__Source data__:
····················

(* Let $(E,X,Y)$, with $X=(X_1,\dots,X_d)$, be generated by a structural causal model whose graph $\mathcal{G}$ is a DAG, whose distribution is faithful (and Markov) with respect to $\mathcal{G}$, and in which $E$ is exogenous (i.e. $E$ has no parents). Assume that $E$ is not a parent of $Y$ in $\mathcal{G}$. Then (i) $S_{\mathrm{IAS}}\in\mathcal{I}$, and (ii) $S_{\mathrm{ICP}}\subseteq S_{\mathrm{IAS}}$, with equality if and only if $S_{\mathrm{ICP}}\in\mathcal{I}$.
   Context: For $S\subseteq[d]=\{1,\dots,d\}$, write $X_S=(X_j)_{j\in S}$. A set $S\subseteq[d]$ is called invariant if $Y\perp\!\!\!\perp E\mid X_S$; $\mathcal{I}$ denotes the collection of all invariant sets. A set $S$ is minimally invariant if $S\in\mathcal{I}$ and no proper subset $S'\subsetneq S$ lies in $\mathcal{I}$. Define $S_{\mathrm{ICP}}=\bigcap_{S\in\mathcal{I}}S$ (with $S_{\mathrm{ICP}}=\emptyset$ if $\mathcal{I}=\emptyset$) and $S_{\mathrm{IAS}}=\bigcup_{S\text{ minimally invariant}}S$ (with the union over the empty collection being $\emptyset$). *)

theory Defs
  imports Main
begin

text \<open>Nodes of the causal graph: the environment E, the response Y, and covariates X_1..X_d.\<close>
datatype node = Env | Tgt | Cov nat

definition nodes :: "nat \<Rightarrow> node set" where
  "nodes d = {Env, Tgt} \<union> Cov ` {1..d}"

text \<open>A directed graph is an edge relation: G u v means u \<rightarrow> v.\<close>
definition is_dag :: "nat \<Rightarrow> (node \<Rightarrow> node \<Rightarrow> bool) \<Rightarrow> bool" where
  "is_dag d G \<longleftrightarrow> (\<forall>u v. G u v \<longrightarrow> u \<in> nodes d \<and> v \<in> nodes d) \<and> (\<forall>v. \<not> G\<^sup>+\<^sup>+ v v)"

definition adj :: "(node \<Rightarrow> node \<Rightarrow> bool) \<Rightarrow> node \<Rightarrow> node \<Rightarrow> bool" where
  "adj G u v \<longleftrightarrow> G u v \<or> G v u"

····················

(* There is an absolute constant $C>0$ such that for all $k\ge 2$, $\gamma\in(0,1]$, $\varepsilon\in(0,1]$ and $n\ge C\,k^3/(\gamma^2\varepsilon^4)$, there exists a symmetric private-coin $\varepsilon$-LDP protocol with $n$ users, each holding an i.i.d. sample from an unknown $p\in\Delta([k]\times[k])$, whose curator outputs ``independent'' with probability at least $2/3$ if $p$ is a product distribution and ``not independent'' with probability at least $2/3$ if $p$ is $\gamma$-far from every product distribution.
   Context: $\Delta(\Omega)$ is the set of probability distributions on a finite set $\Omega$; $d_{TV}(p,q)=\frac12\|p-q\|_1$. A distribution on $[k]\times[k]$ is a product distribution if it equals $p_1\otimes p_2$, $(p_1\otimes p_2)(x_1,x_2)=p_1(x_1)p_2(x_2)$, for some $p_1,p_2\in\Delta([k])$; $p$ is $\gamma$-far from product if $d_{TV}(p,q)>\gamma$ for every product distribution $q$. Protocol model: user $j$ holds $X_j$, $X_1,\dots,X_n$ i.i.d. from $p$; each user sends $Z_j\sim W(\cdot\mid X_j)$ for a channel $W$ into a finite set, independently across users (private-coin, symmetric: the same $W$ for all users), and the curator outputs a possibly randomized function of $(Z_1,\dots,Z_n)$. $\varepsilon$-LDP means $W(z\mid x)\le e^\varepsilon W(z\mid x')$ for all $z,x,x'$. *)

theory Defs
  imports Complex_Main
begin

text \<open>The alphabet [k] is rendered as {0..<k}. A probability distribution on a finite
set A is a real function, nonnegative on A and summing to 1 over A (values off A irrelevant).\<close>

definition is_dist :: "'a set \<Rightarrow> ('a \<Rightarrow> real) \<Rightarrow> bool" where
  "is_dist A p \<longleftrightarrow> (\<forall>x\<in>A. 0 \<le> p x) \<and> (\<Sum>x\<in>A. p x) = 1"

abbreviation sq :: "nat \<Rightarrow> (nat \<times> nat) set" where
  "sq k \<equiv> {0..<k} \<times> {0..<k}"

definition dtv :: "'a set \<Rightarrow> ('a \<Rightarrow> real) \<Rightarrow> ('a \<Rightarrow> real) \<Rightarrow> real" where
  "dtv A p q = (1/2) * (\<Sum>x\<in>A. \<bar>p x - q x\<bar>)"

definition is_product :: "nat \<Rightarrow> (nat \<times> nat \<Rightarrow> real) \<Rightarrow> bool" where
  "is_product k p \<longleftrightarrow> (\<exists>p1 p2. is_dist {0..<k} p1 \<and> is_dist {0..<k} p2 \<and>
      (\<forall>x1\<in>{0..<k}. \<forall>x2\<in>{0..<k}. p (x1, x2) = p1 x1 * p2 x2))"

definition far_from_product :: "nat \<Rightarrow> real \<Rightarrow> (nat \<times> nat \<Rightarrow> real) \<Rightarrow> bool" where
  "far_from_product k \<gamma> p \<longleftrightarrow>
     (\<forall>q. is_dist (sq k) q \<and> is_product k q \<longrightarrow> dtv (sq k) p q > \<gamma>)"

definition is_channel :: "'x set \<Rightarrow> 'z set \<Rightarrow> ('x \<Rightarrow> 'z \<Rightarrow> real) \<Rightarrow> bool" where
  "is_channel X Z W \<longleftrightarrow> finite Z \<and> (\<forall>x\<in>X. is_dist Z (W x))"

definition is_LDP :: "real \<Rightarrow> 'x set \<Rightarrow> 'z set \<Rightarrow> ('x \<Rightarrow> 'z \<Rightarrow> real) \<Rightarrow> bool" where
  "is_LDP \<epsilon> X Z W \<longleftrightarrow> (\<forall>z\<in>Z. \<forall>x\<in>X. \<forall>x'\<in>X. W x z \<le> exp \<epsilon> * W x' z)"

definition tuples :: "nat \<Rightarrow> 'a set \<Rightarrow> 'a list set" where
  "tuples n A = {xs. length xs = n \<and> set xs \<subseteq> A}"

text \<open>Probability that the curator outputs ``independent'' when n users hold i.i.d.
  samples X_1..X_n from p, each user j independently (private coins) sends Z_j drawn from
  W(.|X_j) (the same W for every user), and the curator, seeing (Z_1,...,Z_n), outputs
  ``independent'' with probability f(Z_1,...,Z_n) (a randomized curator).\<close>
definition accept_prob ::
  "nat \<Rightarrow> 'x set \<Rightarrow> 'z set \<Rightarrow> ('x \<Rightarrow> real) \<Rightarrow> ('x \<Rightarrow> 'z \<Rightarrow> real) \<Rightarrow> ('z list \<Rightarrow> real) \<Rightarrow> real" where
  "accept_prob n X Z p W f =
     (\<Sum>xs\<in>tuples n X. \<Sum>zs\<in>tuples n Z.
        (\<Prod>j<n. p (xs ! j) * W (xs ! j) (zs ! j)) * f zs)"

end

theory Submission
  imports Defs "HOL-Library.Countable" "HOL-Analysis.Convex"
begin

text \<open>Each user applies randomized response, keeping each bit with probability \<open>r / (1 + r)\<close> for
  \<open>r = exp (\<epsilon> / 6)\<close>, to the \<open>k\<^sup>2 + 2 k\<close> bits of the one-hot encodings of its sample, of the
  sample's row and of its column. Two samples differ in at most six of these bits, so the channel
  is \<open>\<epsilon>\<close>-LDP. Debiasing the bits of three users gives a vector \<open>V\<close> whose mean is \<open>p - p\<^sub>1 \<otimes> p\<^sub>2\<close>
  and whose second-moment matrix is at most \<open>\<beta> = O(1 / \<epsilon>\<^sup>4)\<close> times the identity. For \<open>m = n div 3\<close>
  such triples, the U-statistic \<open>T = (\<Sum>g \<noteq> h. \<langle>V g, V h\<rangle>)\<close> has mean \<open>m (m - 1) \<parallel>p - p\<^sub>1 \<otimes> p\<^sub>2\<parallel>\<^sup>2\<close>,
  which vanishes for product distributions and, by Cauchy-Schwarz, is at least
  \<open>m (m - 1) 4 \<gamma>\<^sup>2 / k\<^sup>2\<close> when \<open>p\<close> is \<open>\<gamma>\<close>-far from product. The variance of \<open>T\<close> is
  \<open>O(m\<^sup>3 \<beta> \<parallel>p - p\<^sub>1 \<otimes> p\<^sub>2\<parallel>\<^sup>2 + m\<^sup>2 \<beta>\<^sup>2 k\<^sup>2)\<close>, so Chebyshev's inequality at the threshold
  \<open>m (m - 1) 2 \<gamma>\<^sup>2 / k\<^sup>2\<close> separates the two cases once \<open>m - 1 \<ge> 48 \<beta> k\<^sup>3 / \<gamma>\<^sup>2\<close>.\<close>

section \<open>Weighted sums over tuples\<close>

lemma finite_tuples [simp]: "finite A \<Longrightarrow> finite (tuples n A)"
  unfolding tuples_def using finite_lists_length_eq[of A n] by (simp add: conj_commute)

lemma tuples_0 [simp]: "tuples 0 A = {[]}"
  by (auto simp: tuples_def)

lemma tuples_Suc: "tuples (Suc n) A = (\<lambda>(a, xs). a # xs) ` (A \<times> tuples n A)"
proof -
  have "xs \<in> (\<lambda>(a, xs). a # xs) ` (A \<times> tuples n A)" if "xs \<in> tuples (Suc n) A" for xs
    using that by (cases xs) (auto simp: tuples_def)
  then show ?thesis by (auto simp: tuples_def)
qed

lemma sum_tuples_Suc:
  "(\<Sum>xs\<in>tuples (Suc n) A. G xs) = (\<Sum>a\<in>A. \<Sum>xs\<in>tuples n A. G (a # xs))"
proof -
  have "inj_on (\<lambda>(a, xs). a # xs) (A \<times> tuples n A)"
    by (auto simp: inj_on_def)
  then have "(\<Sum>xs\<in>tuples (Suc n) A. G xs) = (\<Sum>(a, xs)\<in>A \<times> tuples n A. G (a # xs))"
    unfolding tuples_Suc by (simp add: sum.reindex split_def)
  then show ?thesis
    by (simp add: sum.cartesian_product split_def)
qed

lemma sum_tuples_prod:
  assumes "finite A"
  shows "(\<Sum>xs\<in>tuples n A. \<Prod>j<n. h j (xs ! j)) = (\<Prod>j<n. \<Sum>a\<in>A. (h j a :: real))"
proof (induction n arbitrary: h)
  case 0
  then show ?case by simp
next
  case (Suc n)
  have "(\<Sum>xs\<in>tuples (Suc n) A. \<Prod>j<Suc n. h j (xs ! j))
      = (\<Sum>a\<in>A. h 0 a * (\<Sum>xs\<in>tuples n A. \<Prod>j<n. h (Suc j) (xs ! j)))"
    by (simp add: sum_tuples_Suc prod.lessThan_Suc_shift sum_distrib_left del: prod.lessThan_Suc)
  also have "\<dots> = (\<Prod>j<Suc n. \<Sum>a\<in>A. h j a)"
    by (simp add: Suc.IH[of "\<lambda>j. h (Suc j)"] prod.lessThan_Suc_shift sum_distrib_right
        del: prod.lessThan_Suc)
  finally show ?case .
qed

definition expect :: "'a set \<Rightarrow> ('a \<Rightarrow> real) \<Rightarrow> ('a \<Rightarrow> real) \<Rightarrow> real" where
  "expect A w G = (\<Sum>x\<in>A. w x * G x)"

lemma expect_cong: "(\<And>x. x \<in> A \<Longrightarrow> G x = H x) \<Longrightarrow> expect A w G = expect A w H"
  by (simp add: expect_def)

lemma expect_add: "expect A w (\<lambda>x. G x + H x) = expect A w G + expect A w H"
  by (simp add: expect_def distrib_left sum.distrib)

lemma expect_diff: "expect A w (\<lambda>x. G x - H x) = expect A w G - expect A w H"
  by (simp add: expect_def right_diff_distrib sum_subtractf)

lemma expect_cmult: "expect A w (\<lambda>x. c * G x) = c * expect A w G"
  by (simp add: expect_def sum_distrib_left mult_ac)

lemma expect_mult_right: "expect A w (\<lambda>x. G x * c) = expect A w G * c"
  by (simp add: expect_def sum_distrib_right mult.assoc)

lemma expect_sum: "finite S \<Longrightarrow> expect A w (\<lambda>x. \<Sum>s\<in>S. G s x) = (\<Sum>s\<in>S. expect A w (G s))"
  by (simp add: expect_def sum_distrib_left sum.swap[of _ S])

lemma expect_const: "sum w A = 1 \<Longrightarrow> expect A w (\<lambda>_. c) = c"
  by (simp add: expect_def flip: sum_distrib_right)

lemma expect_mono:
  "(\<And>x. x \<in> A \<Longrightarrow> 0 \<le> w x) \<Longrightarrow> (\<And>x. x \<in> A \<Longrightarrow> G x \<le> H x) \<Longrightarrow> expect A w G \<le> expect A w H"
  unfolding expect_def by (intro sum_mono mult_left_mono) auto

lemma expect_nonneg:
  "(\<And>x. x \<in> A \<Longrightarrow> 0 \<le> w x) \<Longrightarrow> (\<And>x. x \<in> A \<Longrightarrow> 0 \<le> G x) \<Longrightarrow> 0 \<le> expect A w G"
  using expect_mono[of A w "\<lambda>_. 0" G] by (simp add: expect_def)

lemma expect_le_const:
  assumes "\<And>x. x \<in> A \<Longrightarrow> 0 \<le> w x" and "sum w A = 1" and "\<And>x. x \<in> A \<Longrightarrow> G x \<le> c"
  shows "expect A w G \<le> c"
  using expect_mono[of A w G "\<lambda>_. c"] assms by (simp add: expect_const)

····················

__How to complete this task__: In the listing above, the lines from the one containing "(* Let $(E,X,Y)$, with" through the one containing "d G \<longleftrightarrow>" must be set down exactly, with no other lines.

__Response area__:
(* Let $(E,X,Y)$, with $X=(X_1,\dots,X_d)$, be generated by a structural causal model whose graph $\mathcal{G}$ is a DAG, whose distribution is faithful (and Markov) with respect to $\mathcal{G}$, and in which $E$ is exogenous (i.e. $E$ has no parents). Assume that $E$ is not a parent of $Y$ in $\mathcal{G}$. Then (i) $S_{\mathrm{IAS}}\in\mathcal{I}$, and (ii) $S_{\mathrm{ICP}}\subseteq S_{\mathrm{IAS}}$, with equality if and only if $S_{\mathrm{ICP}}\in\mathcal{I}$.
   Context: For $S\subseteq[d]=\{1,\dots,d\}$, write $X_S=(X_j)_{j\in S}$. A set $S\subseteq[d]$ is called invariant if $Y\perp\!\!\!\perp E\mid X_S$; $\mathcal{I}$ denotes the collection of all invariant sets. A set $S$ is minimally invariant if $S\in\mathcal{I}$ and no proper subset $S'\subsetneq S$ lies in $\mathcal{I}$. Define $S_{\mathrm{ICP}}=\bigcap_{S\in\mathcal{I}}S$ (with $S_{\mathrm{ICP}}=\emptyset$ if $\mathcal{I}=\emptyset$) and $S_{\mathrm{IAS}}=\bigcup_{S\text{ minimally invariant}}S$ (with the union over the empty collection being $\emptyset$). *)

theory Defs
  imports Main
begin

text \<open>Nodes of the causal graph: the environment E, the response Y, and covariates X_1..X_d.\<close>
datatype node = Env | Tgt | Cov nat

definition nodes :: "nat \<Rightarrow> node set" where
  "nodes d = {Env, Tgt} \<union> Cov ` {1..d}"

text \<open>A directed graph is an edge relation: G u v means u \<rightarrow> v.\<close>
definition is_dag :: "nat \<Rightarrow> (node \<Rightarrow> node \<Rightarrow> bool) \<Rightarrow> bool" where
  "is_dag d G \<longleftrightarrow> (\<forall>u v. G u v \<longrightarrow> u \<in> nodes d \<and> v \<in> nodes d) \<and> (\<forall>v. \<not> G\<^sup>+\<^sup>+ v v)"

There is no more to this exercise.